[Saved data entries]
lemma antimono_on_integral_mult_abs_cos:
  fixes f G K :: "real \<Rightarrow> real"
  assumes f_cont: "continuous_on UNIV f" and f_periodic: "\<And>x. f (x + 2*pi) = f x"
    and G_cont: "continuous_on {0..1} G" and G_mono: "mono_on {0..1} G"
    and f_fold: "\<And>x. f x + f (x + pi) = K \<bar>cos x\<bar>" and K_mono: "mono_on {0..1} K"
  shows "antimono_on {0..pi/2} (\<lambda>\<beta>. integral {-pi..pi} (\<lambda>\<theta>. f \<theta> * G \<bar>cos (\<theta> - \<beta>)\<bar>))"
proof (rule monotone_onI)
  fix b1 b2 assume b1: "b1 \<in> {0..pi/2}" and b2: "b2 \<in> {0..pi/2}" and "b1 \<le> b2"
  define J where "J \<beta> = integral {-pi..pi} (\<lambda>\<theta>. f \<theta> * G \<bar>cos (\<theta> - \<beta>)\<bar>)" for \<beta>
  define F where "F x = f x + f (x + pi)" for x
  define D where "D x = G (\<bar>cos (x - b2)\<bar>) - G (\<bar>cos (x - b1)\<bar>)" for x
  define c where "c = b1 + b2"
  have D_cont: "continuous_on UNIV D"
    unfolding D_def
    by (rule continuous_on_diff; rule continuous_on_abs_cos_comp[OF G_cont]; intro continuous_intros)
  have F_cont: "continuous_on UNIV F"
    unfolding F_def
    by (rule continuous_on_add[OF f_cont continuous_on_compose2[OF f_cont]]) (auto intro: continuous_intros)
  have DF_int: "(\<lambda>\<theta>. D \<theta> * F (v \<theta>)) integrable_on {-pi..pi}" if "continuous_on UNIV v" for v
    by (rule integrable_continuous_interval, rule continuous_on_subset[OF
          continuous_on_mult[OF D_cont continuous_on_compose2[OF F_cont that]]]) auto
  have FG_int: "(\<lambda>\<theta>. F \<theta> * G \<bar>cos (\<theta> - b)\<bar>) integrable_on {-pi..pi}" for b
    by (rule integrable_continuous_interval, rule continuous_on_subset[OF
          continuous_on_mult[OF F_cont continuous_on_abs_cos_comp[OF G_cont]]]) (auto intro: continuous_intros)
  have "integral {-pi..pi} (\<lambda>\<theta>. D \<theta> * F \<theta>)
      = integral {-pi..pi} (\<lambda>\<theta>. F \<theta> * G \<bar>cos (\<theta> - b2)\<bar>)
        - integral {-pi..pi} (\<lambda>\<theta>. F \<theta> * G \<bar>cos (\<theta> - b1)\<bar>)"
    unfolding D_def by (subst integral_diff[symmetric, OF FG_int FG_int]) (simp add: algebra_simps)
  also have "\<dots> = 2 * (J b2 - J b1)"
    unfolding F_def J_def integral_add_half_period_shift[OF f_cont f_periodic G_cont] by simp
  finally have DF: "integral {-pi..pi} (\<lambda>\<theta>. D \<theta> * F \<theta>) = 2 * (J b2 - J b1)" .
  have "integral {-pi..pi} (\<lambda>\<theta>. D \<theta> * F (c - \<theta>)) = - integral {-pi..pi} (\<lambda>\<theta>. D \<theta> * F \<theta>)"
  proof (rule integral_mult_reflect_antisymmetric[OF D_cont F_cont])
    show "D (x + 2*pi) = D x" for x
      using cos_periodic[of "x - b1"] cos_periodic[of "x - b2"] by (simp add: D_def algebra_simps)
    have "x + 2*pi + pi = (x + pi) + 2*pi" for x
      by simp
    then show "F (x + 2*pi) = F x" for x
      by (simp only: F_def f_periodic)
    have "cos (c - x - b2) = cos (x - b1)" "cos (c - x - b1) = cos (x - b2)" for x
      using cos_minus[of "x - b1"] cos_minus[of "x - b2"] by (simp_all add: c_def)
    then show "D (c - x) = - D x" for x
      unfolding D_def by simp
    show "0 \<le> c" "c \<le> 2*pi"
      using b1 b2 by (auto simp: c_def)
  qed
  with DF have "integral {-pi..pi} (\<lambda>\<theta>. D \<theta> * (F (c - \<theta>) - F \<theta>)) = 4 * (J b1 - J b2)"
    unfolding right_diff_distrib by (subst integral_diff) (auto intro!: DF_int continuous_intros)
  moreover have "0 \<le> integral {-pi..pi} (\<lambda>\<theta>. D \<theta> * (F (c - \<theta>) - F \<theta>))"
  proof (rule integral_nonneg)
    show "(\<lambda>\<theta>. D \<theta> * (F (c - \<theta>) - F \<theta>)) integrable_on {-pi..pi}"
      unfolding right_diff_distrib by (intro integrable_diff DF_int continuous_intros)
    show "0 \<le> D \<theta> * (F (c - \<theta>) - F \<theta>)" for \<theta>
      unfolding D_def F_def f_fold c_def
      by (rule mono_on_diff_mult_nonneg[OF G_mono K_mono])
         (use b1 b2 \<open>b1 \<le> b2\<close> abs_cos_diff_mult_nonneg in auto)
  qed
  ultimately show "J b2 \<le> J b1" by simp
qed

*WORK REQUEST:*
Your task is to retype the entries verbatim, starting with the line that holds "using b1 b2 by (auto simp: c_def)" and stopping after the line that holds "proof (rule integral_nonneg)".

*TASK OUTPUT:*
      using b1 b2 by (auto simp: c_def)
  qed
  with DF have "integral {-pi..pi} (\<lambda>\<theta>. D \<theta> * (F (c - \<theta>) - F \<theta>)) = 4 * (J b1 - J b2)"
    unfolding right_diff_distrib by (subst integral_diff) (auto intro!: DF_int continuous_intros)
  moreover have "0 \<le> integral {-pi..pi} (\<lambda>\<theta>. D \<theta> * (F (c - \<theta>) - F \<theta>))"
  proof (rule integral_nonneg)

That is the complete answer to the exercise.